The biopsies were classified into acute rejection categories, on the basis of the criteria as defined by the most recent Banff 2019 consensus.³ Overall, each biopsy was assigned to one of the six following categories on the basis of the Banff acute rejection phenotype: (1) no rejection, (2) borderline changes, (3) TCMR, (4) ABMR, (5) mixed borderline rejection, and (6) mixed rejection. Borderline changes were diagnosed as foci of tubulitis (t >0) with minor interstitial inflammation (i1) or moderate to severe interstitial inflammation (i2 or i3) with mild (t1) tubulitis. ABMR was diagnosed by the presence of the three Banff criteria for either acute or chronic active ABMR, according to the Banff 2019 classification, but not taking into account potential non-HLA antibodies or gene expression changes. Due to lack of information on i-IFTA and total-i scores, chronic TCMR was not considered separately. We labeled biopsies presenting an overlap of ABMR and TCMR as mixed rejection, and the biopsies with an overlap of ABMR and borderline changes as mixed borderline rejection.

Data Analysis

Semisupervised Clustering Strategy

We scaled each histologic lesion score (feature) into the unit interval. We adapted semisupervised learning from¹⁰ where additional information was used to facilitate the creation of clinically meaningful clusters. Specifically, Bair and Tibshirani¹⁰ used the Cox scores from univariate models to perform a feature selection before clustering, whereas we used the Cox score to weigh the features. We chose k-means as the core algorithm for the clustering process because of its straightforward implementation, its efficiency, its ability to accommodate the weighting of features, and the possibility to classify new biopsies into nonoverlapping clusters. The information from the death-censored kidney transplant survival outcome was introduced with a weighted Euclidean distance to provide additional guidance during the clustering process. Each feature was weighted with the normalized coefficient’s z score of univariate Cox models, adjusted for clustered data, namely, repeated biopsies from the same patients, using a sandwich variance estimate. Features with a higher weight contribute more heavily to the notion of dissimilarity between clusters than low-weight features, which will be less relevant to the definition of a cluster. Although guided by external survival information, the clustering task remains mostly unsupervised as the lesion scores patterns are the most influential driving force in the final clusters.

Consensus Clustering

We used consensus clustering¹⁵ on the basis of 400 clustering partitions of the data, with different random initializations of the k-means algorithm seed and a different subsampling (80%) of the original data, similar to the approach used by Monti.¹⁶ For the clustering process, all biopsies were considered independent. We used the nearest centroid method to assign a cluster label to the remaining 20% of out-of-bag biopsies for each partition. The final consensus clustering was achieved through majority voting along the 400 partitions. To avoid introducing biases in the clustering process by the overrepresentation of protocol biopsies, we adopted a scheme where indication biopsies and protocol biopsies were weighted on the basis of the inverse of their total proportion in the dataset. Cluster profiles were reported using the normalized mean value of lesions, or for binary features the percentage of biopsies with the feature present. We also report the proportion of each original lesion score. Where appropriate, individual lesion scores were compared between a pair of clusters with a chi-squared test. The degree of similarity between two different partitions of the data were evaluated with the adjusted rand index (ARI). This index accounts for overlapping partitions due to chance. It varies from −1 to 1, an ARI of 0 meaning random partitioning. A decision tree was trained on the cluster-labeled data to mimic the internal clustering process. The tree was generated using the Gini criterion, with a minimum of ten biopsies per leaf.

Tuning of Parameters

To define the optimal number of clusters, we used the proportion of ambiguous clustering (PAC)¹⁷ to assess the stability of our results at different values of k, namely, the number of clusters, with thresholds set at 10% and 90% of consensual clustering.
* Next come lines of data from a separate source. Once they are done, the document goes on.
text \<open>All vectors involved lie in the span of the theta-invariant vectors
  alpha(-n1)...alpha(-nr)(e^alpha + (-1)^r e^(-alpha)) (\<open>sym_vec [n1, ..., nr]\<close> below)
  for the partitions n1 + ... + nr = 4. Expressing J_(-1)E, L(-2)^2 E and the four elements
  (alpha(-1)alpha(-2)1)_(-2)E and v_(-2)1 of C_2(V_L^+), for v = alpha(-3)(e^alpha - e^(-alpha)),
  alpha(-1)alpha(-2)(e^alpha + e^(-alpha)), alpha(-1)^3(e^alpha - e^(-alpha)), in this basis,
  J_(-1)E - beta L(-2)^2 E turns out to be a linear combination of the latter four.

  Vertex operators of e^(+-alpha)
  are only ever applied to the vacuum, in modes q >= -2, where (e^(a alpha))_(-1)1 = e^(a alpha)
  and (e^(a alpha))_(-2)1 = a alpha(-1)e^(a alpha). The modes of alpha(-n)v come from the
  iterate formula, whose infinite sum may be cut off: its summands are homogeneous of a degree
  that eventually becomes negative.\<close>

section \<open>Finitely supported vectors\<close>

text \<open>Induction over lists instantiates the induction predicate with vectors in
  eta-expanded form, which the simplifier turns into pointwise sums; these rules fold them back.\<close>

lemma vec_eta_simps [simp]:
  "(\<lambda>y. 0) = (0 :: vec)"
  "(\<lambda>y. f y + g y) = (f + g :: vec)"
  "(\<lambda>y. f y - g y) = (f - g :: vec)"
  by (simp_all add: fun_eq_iff)

lemma smul_add: "smul c (f + g) = smul c f + smul c g"
  by (simp add: smul_def fun_eq_iff distrib_left)

lemma smul_add_left: "smul (a + b) f = smul a f + smul b f"
  by (simp add: smul_def fun_eq_iff distrib_right)

lemma smul_zero_right [simp]: "smul c 0 = 0"
  by (simp add: smul_def fun_eq_iff)

lemma smul_zero_left [simp]: "smul 0 f = 0"
  by (simp add: smul_def fun_eq_iff)

lemma smul_one [simp]: "smul 1 f = f"
  by (simp add: smul_def fun_eq_iff)

lemma smul_smul [simp]: "smul a (smul b f) = smul (a * b) f"
  by (simp add: smul_def fun_eq_iff)

lemma sum_apply: "sum f A y = (\<Sum>x\<in>A. f x y)"
  by (induction A rule: infinite_finite_induct) simp_all

lemma smul_sum: "smul c (sum f A) = (\<Sum>x\<in>A. smul c (f x))"
  by (simp add: fun_eq_iff smul_def sum_apply sum_distrib_left)

lemma supp_add: "supp (f + g) \<subseteq> supp f \<union> supp g"
  by (auto simp: supp_def)

lemma supp_smul: "supp (smul c f) \<subseteq> supp f"
  by (auto simp: supp_def smul_def)

lemma supp_single [simp]: "supp (single x) = {x}"
  by (auto simp: supp_def single_def)

lemma supp_zero [simp]: "supp 0 = {}"
  by (auto simp: supp_def)

lemma lin_eq_sum_superset:
  assumes "finite S" "supp f \<subseteq> S"
  shows "lin T f = (\<Sum>x\<in>S. smul (f x) (T x))"
  unfolding lin_def by (rule sum.mono_neutral_left) (use assms in \<open>auto simp: supp_def\<close>)

lemma lin_add:
  assumes "finite (supp f)" "finite (supp g)"
  shows "lin T (f + g) = lin T f + lin T g"
proof -
  let ?S = "supp f \<union> supp g"
  have "lin T (f + g) = (\<Sum>x\<in>?S. smul ((f + g) x) (T x))"
    using assms supp_add by (intro lin_eq_sum_superset) auto
  also have "\<dots> = (\<Sum>x\<in>?S. smul (f x) (T x)) + (\<Sum>x\<in>?S. smul (g x) (T x))"
    by (simp add: smul_add_left sum.distrib)
  also have "\<dots> = lin T f + lin T g"
    using assms by (simp add: lin_eq_sum_superset[of ?S f] lin_eq_sum_superset[of ?S g])
  finally show ?thesis .
qed

lemma lin_smul:
  assumes "finite (supp f)"
  shows "lin T (smul c f) = smul c (lin T f)"
proof -
  have "lin T (smul c f) = (\<Sum>x\<in>supp f. smul (smul c f x) (T x))"
    using assms supp_smul by (intro lin_eq_sum_superset) auto
  then show ?thesis
    by (simp add: lin_def smul_sum) (simp add: smul_def)
qed

lemma lin_single [simp]: "lin T (single x) = T x"
  by (simp add: lin_def) (simp add: single_def)

lemma lin_zero [simp]: "lin T 0 = 0"
  by (simp add: lin_def)

lemma lin_single_id:
  assumes "finite (supp f)"
  shows "lin single f = f"
proof
  fix y
  have "lin single f y = (\<Sum>x\<in>supp f. if x = y then f y else 0)"
    by (auto simp: lin_def sum_apply smul_def single_def intro: sum.cong)
  also have "\<dots> = f y"
    using assms by (simp add: supp_def)
  finally show "lin single f y = f y" .
qed
(* For every binary matrix $P$ such that $Q_1\preccurlyeq P$, where $Q_1\in\{0,1\}^{3\times 3}$ has $\mathrm{supp}(Q_1)=\{(1,2),(2,1),(3,3)\}$, the class $\mathrm{Av}(P)$ is row-unbounded.
   Context: All matrices are binary; rows are numbered top to bottom, columns left to right; $(i,j)$ is the entry in row $i$, column $j$, a 1-entry if it equals 1; $\mathrm{supp}$ is the set of 1-entries. For integers, $(a,b]=\{a+1,\dots,b\}$. A pattern $P\in\{0,1\}^{k\times\ell}$ is an interval minor of $M\in\{0,1\}^{m\times n}$, written $P\preccurlyeq M$, if there are integers $0=r_0<\dots<r_k=m$ and $0=c_0<\dots<c_\ell=n$ such that for each 1-entry $(i,j)$ of $P$ the submatrix of $M$ on rows $(r_{i-1},r_i]$ and columns $(c_{j-1},c_j]$ contains a 1-entry; otherwise $M$ avoids $P$. $\mathrm{Av}(P)$ is the set of binary matrices avoiding $P$. A matrix $M\in\mathcal C$ is critical for $\mathcal C$ if changing any single 0-entry of $M$ into a 1-entry gives a matrix outside $\mathcal C$. A horizontal 0-run is a maximal set of consecutive 0-entries within a single row; the complexity of a row is the number of horizontal 0-runs in it. The row-complexity of $\mathcal C$ is the supremum over matrices critical for $\mathcal C$ of the maximum complexity of a row; $\mathcal C$ is row-unbounded if this supremum is infinite. *)

theory Defs
  imports Main
begin

text \<open>A binary matrix is a triple (m, n, f): m rows, n columns, entry (i,j) (1-based,
  1 \<le> i \<le> m, 1 \<le> j \<le> n) equals 1 iff f i j. Values of f outside the range are ignored
  by all definitions below.\<close>
type_synonym bmat = "nat \<times> nat \<times> (nat \<Rightarrow> nat \<Rightarrow> bool)"

definition nrows :: "bmat \<Rightarrow> nat" where "nrows M = fst M"
definition ncols :: "bmat \<Rightarrow> nat" where "ncols M = fst (snd M)"
definition entry :: "bmat \<Rightarrow> nat \<Rightarrow> nat \<Rightarrow> bool" where "entry M = snd (snd M)"

definition interval_minor :: "bmat \<Rightarrow> bmat \<Rightarrow> bool" where
  "interval_minor P M \<longleftrightarrow>
     (\<exists>r c :: nat \<Rightarrow> nat.
        r 0 = 0 \<and> r (nrows P) = nrows M \<and> (\<forall>i < nrows P. r i < r (Suc i)) \<and>
        c 0 = 0 \<and> c (ncols P) = ncols M \<and> (\<forall>j < ncols P. c j < c (Suc j)) \<and>
        (\<forall>i \<in> {1..nrows P}. \<forall>j \<in> {1..ncols P}. entry P i j \<longrightarrow>
           (\<exists>a \<in> {r (i - 1)<..r i}. \<exists>b \<in> {c (j - 1)<..c j}. entry M a b)))"

definition Av :: "bmat \<Rightarrow> bmat set" where
  "Av P = {M. \<not> interval_minor P M}"
theorem lemma5p52:
  fixes \<theta>1 \<phi>1 \<eta>m \<eta>p :: real and k :: nat
  assumes "0 < \<theta>1" "\<theta>1 < pi / 2"
    and "0 < \<phi>1" "\<phi>1 \<le> pi"
    and "k \<ge> 1"
    and "\<eta>m \<in> Ik \<theta>1 k" "\<eta>p \<in> Ik \<theta>1 k" "\<eta>m < \<eta>p"
    and "Phi \<theta>1 k \<eta>m = \<phi>1" "Phi \<theta>1 k \<eta>p = \<phi>1"
  shows "(sin \<theta>1)^2 * (\<eta>m^2 / (sin \<eta>m)^2) < (sin \<theta>1)^2 * (\<eta>p^2 / (sin \<eta>p)^2)"
proof (rule ccontr)
  assume "\<not> ?thesis"
  then have "(sin \<theta>1)^2 * (\<eta>p^2 / (sin \<eta>p)^2) \<le> (sin \<theta>1)^2 * (\<eta>m^2 / (sin \<eta>m)^2)"
    by linarith
  moreover have "0 < (sin \<theta>1)^2" using sin_gt_zero[of \<theta>1] assms(1,2) by simp
  ultimately have right_end: "\<eta>p^2 / (sin \<eta>p)^2 \<le> \<eta>m^2 / (sin \<eta>m)^2"
    by (rule mult_left_le_imp_le)
  have "\<eta>^2 / (sin \<eta>)^2 < \<eta>m^2 / (sin \<eta>m)^2" if "\<eta>m < \<eta>" "\<eta> < \<eta>p" for \<eta>
    using sq_div_sin_sq_lt_max_on_Ik[OF assms(1,2,6,7) that] right_end by simp
  then have "Phi \<theta>1 k \<eta>p < Phi \<theta>1 k \<eta>m"
    using Phi_less_if_sq_div_sin_sq_below_left_end[OF assms(1,2,6,7,8)] right_end by blast
  then show False using assms(9,10) by simp
qed

end
lemma zero_in_supp_law:
  assumes Re: "Re lam > 0" and z: "z \<in> supp_law \<mu>"
  shows "0 \<in> supp_law \<mu>"
proof (rule Lim_in_closed_set[OF closed_supp_law_\<mu>])
  have "exp (- lam * complex_of_real t) * (\<Sum>i<m. z) \<in> supp_law \<mu>" if "t > 0" for t
    using z by (intro smoothing_in_supp_law that) auto
  then show "\<forall>\<^sub>F t in at_top. exp (- lam * complex_of_real t) * (\<Sum>i<m. z) \<in> supp_law \<mu>"
    by (rule eventually_mono[OF eventually_gt_at_top[of 0]])
  show "((\<lambda>t. exp (- lam * complex_of_real t) * (\<Sum>i<m. z)) \<longlongrightarrow> 0) at_top"
    by (rule tendsto_mult_left_zero[OF tendsto_exp_neg_mult_at_top[OF Re]])
qed simp

lemma supp_law_add:
  assumes zero: "0 \<in> supp_law \<mu>" and x: "x \<in> supp_law \<mu>" and y: "y \<in> supp_law \<mu>"
  shows "x + y \<in> supp_law \<mu>"
proof (rule Lim_in_closed_set[OF closed_supp_law_\<mu>])
  define s where "s = (\<lambda>i::nat. (if i = 0 then x else 0) + (if i = 1 then y else 0))"
  have s_supp: "\<forall>i<m. s i \<in> supp_law \<mu>" using x y zero by (simp add: s_def)
  have s_sum: "(\<Sum>i<m. s i) = x + y"
    using m_ge_2 by (simp add: s_def sum.distrib)
  have "exp (- lam * complex_of_real t) * (x + y) \<in> supp_law \<mu>" if "t > 0" for t
    using smoothing_in_supp_law[OF that s_supp] by (simp only: s_sum)
  then show "\<forall>\<^sub>F t in at_right 0. exp (- lam * complex_of_real t) * (x + y) \<in> supp_law \<mu>"
    by (rule eventually_mono[OF eventually_at_right_less])
  have "((\<lambda>t. exp (- lam * complex_of_real t) * (x + y))
      \<longlongrightarrow> exp (- lam * complex_of_real 0) * (x + y)) (at_right 0)"
    by (intro tendsto_intros)
  then show "((\<lambda>t. exp (- lam * complex_of_real t) * (x + y)) \<longlongrightarrow> x + y) (at_right 0)"
    by simp
qed simp

lemma supp_law_eq_UNIV:
  assumes Re: "Re lam > 0" and Im: "Im lam \<noteq> 0" and z: "z \<in> supp_law \<mu>" "z \<noteq> 0"
  shows "supp_law \<mu> = UNIV"
proof (rule closed_add_closed_spiral_eq_UNIV[OF closed_supp_law_\<mu> _ _ _ Re Im z(2)])
  show zero: "0 \<in> supp_law \<mu>" by (rule zero_in_supp_law[OF Re z(1)])
  show "x + y \<in> supp_law \<mu>" if "x \<in> supp_law \<mu>" "y \<in> supp_law \<mu>" for x y
    using supp_law_add[OF zero] that .
  show "exp (- lam * complex_of_real t) * z \<in> supp_law \<mu>" if "t > 0" for t
    using smoothing_in_supp_law[OF that, of "\<lambda>i. if i = 0 then z else 0"] zero z m_ge_2 by simp
qed

end

theorem lemma7p1:
  fixes m :: nat and lam :: complex and \<mu> :: "complex measure" and z :: complex
  assumes m: "m \<ge> 2"
    and lam1: "lam \<noteq> 1" and lampos: "Re lam > 0"
    and prob: "prob_space \<mu>" and sets: "sets \<mu> = sets borel"
    and integ: "integrable \<mu> (\<lambda>x. x)"
    and mean: "(\<integral>x. x \<partial>\<mu>) \<noteq> 0"
    and fixpt: "\<mu> = distr (T_law m \<Otimes>\<^sub>M PiM {..<m} (\<lambda>_. \<mu>)) borel
                     (\<lambda>(t, zs). exp (- lam * complex_of_real t) * (\<Sum>i<m. zs i))"
    and zs: "z \<in> supp_law \<mu>"
  shows "ball 0 (cmod z) \<subseteq> supp_law \<mu>"
proof (cases "z = 0")
  case True
  then show ?thesis by simp
next
  case False
  interpret smoothing_fixpoint m lam \<mu>
    by (rule smoothing_fixpoint.intro[OF m prob sets fixpt])
  have "Im lam \<noteq> 0" by (rule Im_neq_0[OF lam1 lampos integ mean])
  then show ?thesis using supp_law_eq_UNIV[OF lampos _ zs False] by simp
qed

end
lemma monotone_graph_left_slope_intervals:
  fixes f :: "real \<Rightarrow> real"
  assumes I: "is_interval I" and cont: "continuous_on I f" and mon: "monotone_graph I f K"
    and "K \<ge> 1" "x \<in> I" "x0 \<in> I" "x0 < x" "t < s"
    and steep: "\<exists>\<^sub>F y in at x within (I \<inter> {..<x}). s < diff_quot f x y"
  shows "\<exists>e>0. \<forall>d>0. \<exists>\<delta>\<in>{0<..<d}. \<exists>a.
           {a<..<a + e * \<delta>} \<subseteq> {y \<in> I \<inter> {x - \<delta><..<x}. t < diff_quot f x y}"
proof -
  define g where "g v = - f (- v)" for v
  define J where "J = uminus ` I"
  have J_iff: "v \<in> J \<longleftrightarrow> - v \<in> I" for v unfolding J_def by (rule in_uminus_image_iff)
  have slope_g: "diff_quot g (- x) v = diff_quot f x (- v)" for v
    unfolding g_def by (rule diff_quot_reflect)
  have J: "is_interval J" unfolding J_def by (rule is_interval_uminusI[OF I])
  have "continuous_on J (\<lambda>v. f (- v))"
    by (rule continuous_on_compose2[OF cont]) (auto intro: continuous_intros simp: J_iff)
  then have cont_g: "continuous_on J g" unfolding g_def by (rule continuous_on_minus)
  have mon_g: "monotone_graph J g K"
    unfolding g_def J_def by (rule monotone_graph_reflect[OF mon])
  have steep_g: "\<exists>\<^sub>F v in at (- x) within (J \<inter> {- x<..}). s < diff_quot g (- x) v"
    unfolding frequently_at
  proof (intro allI impI)
    fix d :: real assume "d > 0"
    then obtain y where "y \<in> I \<inter> {..<x}" "y \<noteq> x" "dist y x < d" "s < diff_quot f x y"
      using steep unfolding frequently_at by blast
    then show "\<exists>v\<in>J \<inter> {- x<..}. v \<noteq> - x \<and> dist v (- x) < d \<and> s < diff_quot g (- x) v"
      by (intro bexI[of _ "- y"]) (auto simp: J_iff slope_g dist_real_def)
  qed
  have "- x \<in> J" "- x0 \<in> J" "- x < - x0" using assms(5-7) J_iff by auto
  then obtain e where "e > 0" and intervals: "\<forall>d>0. \<exists>\<delta>\<in>{0<..<d}. \<exists>a.
      {a<..<a + e * \<delta>} \<subseteq> {v \<in> J \<inter> {- x<..<- x + \<delta>}. t < diff_quot g (- x) v}"
    using monotone_graph_right_slope_intervals[OF J cont_g mon_g \<open>K \<ge> 1\<close> _ _ _ \<open>t < s\<close> steep_g] by blast
  have "\<exists>\<delta>\<in>{0<..<d}. \<exists>a. {a<..<a + e * \<delta>} \<subseteq> {y \<in> I \<inter> {x - \<delta><..<x}. t < diff_quot f x y}"
    if "d > 0" for d
  proof -
    obtain \<delta> a where "\<delta> \<in> {0<..<d}"
      and sub: "{a<..<a + e * \<delta>} \<subseteq> {v \<in> J \<inter> {- x<..<- x + \<delta>}. t < diff_quot g (- x) v}"
      using intervals \<open>d > 0\<close> by blast
    moreover have "{- (a + e * \<delta>)<..<- (a + e * \<delta>) + e * \<delta>} \<subseteq> {y \<in> I \<inter> {x - \<delta><..<x}. t < diff_quot f x y}"
    proof
      fix y assume "y \<in> {- (a + e * \<delta>)<..<- (a + e * \<delta>) + e * \<delta>}"
      then have "- y \<in> {a<..<a + e * \<delta>}" by auto
      then have "- y \<in> J" "- x < - y" "- y < - x + \<delta>" "t < diff_quot g (- x) (- y)"
        using sub by auto
      then show "y \<in> {y \<in> I \<inter> {x - \<delta><..<x}. t < diff_quot f x y}"
        unfolding J_iff slope_g by simp
    qed
    ultimately show ?thesis by blast
  qed
  with \<open>e > 0\<close> show ?thesis by blast
qed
Intuitively, PAC measures the proportion of all possible pairs of biopsies from the whole dataset that demonstrate inconsistent cluster attributions over the 400 partitions. The lower the PAC, the more stable the clustering across different conditions. We discarded very low values of k, because they only create a restricted number of clusters (typically no rejection versus any rejection with k=2), which is not helpful to describe different phenotypes.

Biopsy Stability

To identify biopsies that are part of pairs with an unstable cluster assignment over the set of clustering partitions, we developed an empirical individual stability score on the basis of the consensus matrix. The consensus matrix C is a n × n matrix, where n is the total number of biopsies and entries C _i, represent the proportion of times biopsies i and j are clustered in the same cluster over the whole set of different partitions. The stability score s for biopsy i was defined as $s_{i} = \frac{1}{(N / 2)} \sum_{j = 1}^{N} | c_{i, j} - 0.5 |$ , where ci,j represented the value from the consensus matrix at the ith row and jth column, and N the total number of biopsies. Intuitively, a theoretic score of 1 reflects that the biopsy was consistently part of biopsy pairs that are either clustered together in the same cluster, or clustered in different clusters. A theoretic score of 0 would reflect a biopsy that forms ambiguous pairs with any other biopsy.

Survival Analysis

Graft survival times are reported as the number of days until graft failure, calculated from each biopsy date. Patients were administratively censored at the of last follow-up date or at time of death. Survival curves are plotted with Kaplan-Meier estimators along with the 95% confidence interval (95% CI). To avoid artificially increasing the incidence of transplant failure events due to repeated biopsies in a given individual, survival times from repeated biopsies in a given cluster were averaged for each patient. Pairwise comparison of survival curves was performed using Cox modeling and hazard ratio (HR) with 95% CI. Because potentially, proportional hazard assumption violations might bias the HR, we also report the restricted mean survival times (RMST)¹⁸ at 5 and 10 years, and its 95% CI. This measure can be interpreted as the mean survival time without event within a predefined time range, representing the area under the survival curve up to a predefined time point. We also report the differences in RMST (DRMST) with a baseline category, which estimates the difference in average event-free survival, in years, between a given category and the baseline group.

Visualization

Principal component analysis (PCA) was performed on the Cox score weighted acute lesions scores, and the first two components were used for two-dimensional visualization purposes. To better visualize the heterogeneity in the acute lesion scores, we developed a two-dimensional plot using polar coordinates, with the radius calculated as the sum of reweighted acute lesions scores, scaled to the unit interval (from 0 to 1), and the theta angle is a scaled version (for visual purposes) of the second component of the PCA, which is directly related to the main rejection phenotype. Because the sum of lesions is directly related to graft failure due to the individual weighting of lesions scores, this approach combines the severity and the phenotype trend in one single plot.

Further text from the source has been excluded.